What to produce
Give the lines below again exactly, starting with the line that holds "S \<longleftrightarrow> (\<forall>a" and going on through the line that holds "(\<forall>i. (i, 1)".

Supplied records
(* Let $\alpha<_c\beta$ with $\beta/\!\!/\alpha$ an nc border strip with $n$ boxes, let $j\in NE(\beta/\!\!/\alpha)$, and let $w\in CRHW_n$ with $w(\alpha)=\beta$. Define $w'$ to be the unique reverse hookword with the same content as $w$ and with $\mathrm{leg}(w')=\mathrm{leg}(w)\setminus\{j\}$ if $j\in\mathrm{leg}(w)$, and $\mathrm{leg}(w')=\mathrm{leg}(w)\cup\{j\}$ if $j\notin\mathrm{leg}(w)$. Then $w'\in CRHW_n$ and $w'(\alpha)=\beta$.
   Context: A composition is a finite sequence $\alpha=(\alpha_1,\dots,\alpha_k)$ of positive integers; $\ell(\alpha)=k$; its diagram is the set of boxes $(i,j)$, $1\le i\le\ell(\alpha)$, $1\le j\le\alpha_i$, rows top to bottom, columns left to right. For compositions $\gamma=(\gamma_1,\dots,\gamma_l)$, $\delta$ write $\gamma\lessdot_c\delta$ if $\delta=(1,\gamma_1,\dots,\gamma_l)$ or $\delta=(\gamma_1,\dots,\gamma_k+1,\dots,\gamma_l)$ with $\gamma_i\ne\gamma_k$ for all $i<k$; $<_c$ is the transitive closure. For $\gamma<_c\delta$, $\delta/\!\!/\gamma$ consists of the boxes of $\delta$ other than $(\ell(\delta)-\ell(\gamma)+i,j)$, $1\le i\le\ell(\gamma)$, $1\le j\le\gamma_i$. $\mathrm{supp}(\beta/\!\!/\alpha)$ is the set of columns containing a box of $\beta/\!\!/\alpha$; interval shape: supp is a set of consecutive integers. nc border strip: an interval shape such that (1) if $(i,1),(i,2)\in\beta/\!\!/\alpha$ then $(i,1)$ is the bottommost box of column 1 of $\beta/\!\!/\alpha$, and (2) if $(i,j),(i,j+1)\in\beta/\!\!/\alpha$ with $j\ge2$ then $(i,j)$ is the topmost box of column $j$ of $\beta/\!\!/\alpha$. $NE(\beta/\!\!/\alpha)$ is the set of $j\in\mathrm{supp}(\beta/\!\!/\alpha)$ such that column $j+1$ of $\beta/\!\!/\alpha$ contains at least one box and $i_1<i_2$ for all boxes $(i_1,j+1),(i_2,j)\in\beta/\!\!/\alpha$. Box-adding operators: $\mathfrak t_1(\alpha)=(1,\alpha_1,\dots,\alpha_k)$; for $i\ge2$, $\mathfrak t_i(\alpha)$ increases the leftmost part equal to $i-1$ by $1$, and is $0$ if none; $\mathfrak t_i(0)=0$. A word $w=\mathfrak t_{i_1}\cdots\mathfrak t_{i_n}$ acts by $w(\alpha)=\mathfrak t_{i_1}(\cdots\mathfrak t_{i_n}(\alpha))$; it is a reverse $k$-hookword if $i_1\le\cdots\le i_{k+1}>i_{k+2}>\cdots>i_n$, with $\mathrm{leg}(w)=\{i_{k+1},\dots,i_n\}$ (a set of distinct integers containing the maximum index). Its content is the vector whose $i$-th entry is the number of occurrences of $\mathfrak t_i$ in $w$; a reverse hookword is determined by its content together with its leg. $w$ is connected if $\{i_1,\dots,i_n\}$ is a set of consecutive integers; $CRHW_n$ is the set of connected reverse hookwords of length $n$. *)

theory Defs
  imports Main
begin

text \<open>Compositions are lists of positive naturals; rows and columns are 1-indexed.\<close>

definition is_composition :: "nat list \<Rightarrow> bool" where
  "is_composition \<alpha> \<longleftrightarrow> (\<forall>x\<in>set \<alpha>. 0 < x)"

definition c_cover :: "nat list \<Rightarrow> nat list \<Rightarrow> bool" where
  "c_cover \<gamma> \<delta> \<longleftrightarrow> \<delta> = 1 # \<gamma> \<or>
     (\<exists>k < length \<gamma>. (\<forall>i<k. \<gamma> ! i \<noteq> \<gamma> ! k) \<and> \<delta> = \<gamma>[k := Suc (\<gamma> ! k)])"

definition c_less :: "nat list \<Rightarrow> nat list \<Rightarrow> bool" where
  "c_less = tranclp c_cover"

definition boxes :: "nat list \<Rightarrow> (nat \<times> nat) set" where
  "boxes \<alpha> = {(i, j). 1 \<le> i \<and> i \<le> length \<alpha> \<and> 1 \<le> j \<and> j \<le> \<alpha> ! (i - 1)}"

definition skew :: "nat list \<Rightarrow> nat list \<Rightarrow> (nat \<times> nat) set" where
  "skew \<delta> \<gamma> = boxes \<delta> -
     {(length \<delta> - length \<gamma> + i, j) | i j. 1 \<le> i \<and> i \<le> length \<gamma> \<and> 1 \<le> j \<and> j \<le> \<gamma> ! (i - 1)}"

definition supp :: "(nat \<times> nat) set \<Rightarrow> nat set" where
  "supp S = {j. \<exists>i. (i, j) \<in> S}"

definition interval_shape :: "(nat \<times> nat) set \<Rightarrow> bool" where
  "interval_shape S \<longleftrightarrow> (\<forall>a b c. a \<in> supp S \<longrightarrow> b \<in> supp S \<longrightarrow> a \<le> c \<longrightarrow> c \<le> b \<longrightarrow> c \<in> supp S)"

definition nc_border_strip :: "(nat \<times> nat) set \<Rightarrow> bool" where
  "nc_border_strip S \<longleftrightarrow> interval_shape S \<and>
     (\<forall>i. (i, 1) \<in> S \<and> (i, 2) \<in> S \<longrightarrow> (\<forall>i'. (i', 1) \<in> S \<longrightarrow> i' \<le> i)) \<and>
     (\<forall>i j. 2 \<le> j \<and> (i, j) \<in> S \<and> (i, Suc j) \<in> S \<longrightarrow> (\<forall>i'. (i', j) \<in> S \<longrightarrow> i \<le> i'))"

definition NE :: "(nat \<times> nat) set \<Rightarrow> nat set" where
  "NE S = {j \<in> supp S. (\<exists>i. (i, Suc j) \<in> S) \<and>
             (\<forall>i1 i2. (i1, Suc j) \<in> S \<longrightarrow> (i2, j) \<in> S \<longrightarrow> i1 < i2)}"

text \<open>Box-adding operators; \<open>None\<close> plays the role of 0.\<close>
fun inc_first :: "nat \<Rightarrow> nat list \<Rightarrow> nat list option" where
  "inc_first v [] = None"
| "inc_first v (x # xs) = (if x = v then Some (Suc x # xs) else map_option (Cons x) (inc_first v xs))"

definition t_op :: "nat \<Rightarrow> nat list \<Rightarrow> nat list option" where
  "t_op i \<alpha> = (if i = 0 then None else if i = 1 then Some (1 # \<alpha>) else inc_first (i - 1) \<alpha>)"

text \<open>A word \<open>[i\<^sub>1,...,i\<^sub>n]\<close> acts by \<open>t\<^sub>i\<^sub>1(...(t\<^sub>i\<^sub>n(\<alpha>)))\<close>.\<close>
definition apply_word :: "nat list \<Rightarrow> nat list \<Rightarrow> nat list option" where
  "apply_word w \<alpha> = foldr (\<lambda>i acc. Option.bind acc (t_op i)) w (Some \<alpha>)"

text \<open>Reverse k-hookwords (k counted as in the paper: positions 1..k+1 weakly increase,
  positions k+1..n strictly decrease).\<close>
definition rhw_k :: "nat list \<Rightarrow> nat \<Rightarrow> bool" where
  "rhw_k w k \<longleftrightarrow> k < length w \<and> sorted (take (Suc k) w) \<and> sorted_wrt (>) (drop k w)"

definition reverse_hookword :: "nat list \<Rightarrow> bool" where
  "reverse_hookword w \<longleftrightarrow> (\<forall>x\<in>set w. 0 < x) \<and> (\<exists>k. rhw_k w k)"

definition leg :: "nat list \<Rightarrow> nat set" where
  "leg w = set (drop (THE k. rhw_k w k) w)"

definition content :: "nat list \<Rightarrow> nat \<Rightarrow> nat" where
  "content w = (\<lambda>i. count_list w i)"

definition connected_word :: "nat list \<Rightarrow> bool" where
  "connected_word w \<longleftrightarrow> (\<forall>a b c. a \<in> set w \<longrightarrow> b \<in> set w \<longrightarrow> a \<le> c \<longrightarrow> c \<le> b \<longrightarrow> c \<in> set w)"

definition CRHW :: "nat \<Rightarrow> nat list set" where
  "CRHW n = {w. length w = n \<and> reverse_hookword w \<and> connected_word w}"

end

theory Submission
  imports Defs "HOL-Library.Multiset"
begin

text \<open>Write a reverse hookword as \<open>A D\<close> with \<open>A\<close> weakly increasing and \<open>D\<close> strictly
  decreasing. Toggling \<open>j\<close> in the leg moves a single letter \<open>j\<close> across a block \<open>Q\<close> of
  letters larger than \<open>j\<close> (those of \<open>A\<close> above \<open>j\<close> followed by those of \<open>D\<close> above \<open>j\<close>);
  this keeps the content, connectedness and hook shape, and a reverse hookword is determined by
  its content and leg.

  On compositions, \<open>t\<^sub>j\<close> turns the first part \<open>j - 1\<close>, in row \<open>r\<close> say, into \<open>j\<close>, and a
  letter \<open>x > j\<close> acts on the result as on the original composition unless \<open>x = j + 1\<close> and the
  new part in row \<open>r\<close> is the first \<open>j\<close>, i.e. unless \<open>t\<^sub>j\<^sub>+\<^sub>1\<close> adds a box of column
  \<open>j + 1\<close> weakly below the box of column \<open>j\<close> added by \<open>t\<^sub>j\<close>. Since \<open>j \<in> NE(\<beta>//\<alpha>)\<close>, every
  box of column \<open>j + 1\<close> of the skew shape lies strictly above every box of column \<open>j\<close>, so
  \<open>t\<^sub>j\<close> commutes past \<open>Q\<close> and the new word still maps \<open>\<alpha>\<close> to \<open>\<beta>\<close>. Besides the NE
  condition only the positivity of the parts of \<open>\<alpha>\<close> is used, to get \<open>j \<ge> 2\<close>.\<close>

section \<open>Box-adding operators as list updates\<close>

definition first_index :: "'a \<Rightarrow> 'a list \<Rightarrow> nat" where
  "first_index v xs = length (takeWhile (\<lambda>y. y \<noteq> v) xs)"

lemma first_index_less_length: "v \<in> set xs \<Longrightarrow> first_index v xs < length xs"
  unfolding first_index_def by (induction xs) auto

lemma nth_first_index: "v \<in> set xs \<Longrightarrow> xs ! first_index v xs = v"
  using nth_length_takeWhile[of "\<lambda>y. y \<noteq> v" xs] first_index_less_length[of v xs]
  unfolding first_index_def by simp

lemma nth_before_first_index:
  assumes "k < first_index v xs"
  shows "xs ! k \<noteq> v"
proof -
  let ?P = "\<lambda>y. y \<noteq> v"
  have "takeWhile ?P xs ! k \<in> set (takeWhile ?P xs)"
    using assms by (simp add: first_index_def)
  then show ?thesis using assms takeWhile_nth[of k ?P xs]
    by (auto simp: first_index_def dest: set_takeWhileD)
qed

lemma first_index_eqI:
  assumes "i < length xs" "xs ! i = v" "\<And>k. k < i \<Longrightarrow> xs ! k \<noteq> v"
  shows "first_index v xs = i"
proof -
  have "v \<in> set xs" using assms(1,2) nth_mem by blast
  then have "first_index v xs < length xs" "xs ! first_index v xs = v"
    by (simp_all add: first_index_less_length nth_first_index)
  then show ?thesis
    using assms nth_before_first_index[of i v xs] nat_neq_iff by blast
qed

lemma first_index_map_eq:
  assumes "map (\<lambda>y. y = v) xs = map (\<lambda>y. y = v) ys"
  shows "first_index v xs = first_index v ys"
proof -
  have "first_index v zs = length (takeWhile Not (map (\<lambda>y. y = v) zs))" for zs :: "'a list"
    by (simp add: first_index_def takeWhile_map comp_def)
  then show ?thesis using assms by simp
qed

lemma mem_set_map_eq:
  assumes "map (\<lambda>y. y = v) xs = map (\<lambda>y. y = v) ys"
  shows "v \<in> set xs \<longleftrightarrow> v \<in> set ys"
proof -
  have "v \<in> set zs \<longleftrightarrow> True \<in> set (map (\<lambda>y. y = v) zs)" for zs :: "'a list"
    by auto
  then show ?thesis by (simp only: assms)
qed

lemma inc_first_eq_list_update:
  "inc_first v xs = (if v \<in> set xs then Some (xs[first_index v xs := Suc v]) else None)"
  by (induction xs) (auto simp: first_index_def)

lemma t_op_eq:
  "2 \<le> x \<Longrightarrow> t_op x d = (if x - 1 \<in> set d then Some (d[first_index (x - 1) d := x]) else None)"
  by (simp add: t_op_def inc_first_eq_list_update)

lemma t_op_eq_list_update:
  assumes "t_op x d = Some e" "2 \<le> x"
  shows "x - 1 \<in> set d" "e = d[first_index (x - 1) d := x]"
  using assms by (auto simp: t_op_eq split: if_splits)

lemma apply_word_Nil [simp]: "apply_word [] a = Some a"
  by (simp add: apply_word_def)

lemma apply_word_Cons: "apply_word (x # xs) a = Option.bind (apply_word xs a) (t_op x)"
  by (simp add: apply_word_def)

lemma apply_word_single [simp]: "apply_word [x] a = t_op x a"
  by (simp add: apply_word_def)

lemma apply_word_append:
  "apply_word (xs @ ys) a = Option.bind (apply_word ys a) (apply_word xs)"
  by (induction xs) (auto simp: apply_word_Cons bind_assoc apply_word_def)

lemma apply_word_Cons_SomeE:
  assumes "apply_word (x # xs) a = Some e"
  obtains e1 where "apply_word xs a = Some e1" "t_op x e1 = Some e"
  using assms by (cases "apply_word xs a") (auto simp: apply_word_Cons)

lemma apply_word_append3_SomeE:
  assumes "apply_word (P @ X @ R) a = Some b"
  obtains g e where "apply_word R a = Some g" "apply_word X g = Some e" "apply_word P e = Some b"
  using assms
  by (cases "apply_word R a"; cases "apply_word (X @ R) a") (auto simp: apply_word_append)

Task solution
  "interval_shape S \<longleftrightarrow> (\<forall>a b c. a \<in> supp S \<longrightarrow> b \<in> supp S \<longrightarrow> a \<le> c \<longrightarrow> c \<le> b \<longrightarrow> c \<in> supp S)"

definition nc_border_strip :: "(nat \<times> nat) set \<Rightarrow> bool" where
  "nc_border_strip S \<longleftrightarrow> interval_shape S \<and>
     (\<forall>i. (i, 1) \<in> S \<and> (i, 2) \<in> S \<longrightarrow> (\<forall>i'. (i', 1) \<in> S \<longrightarrow> i' \<le> i)) \<and>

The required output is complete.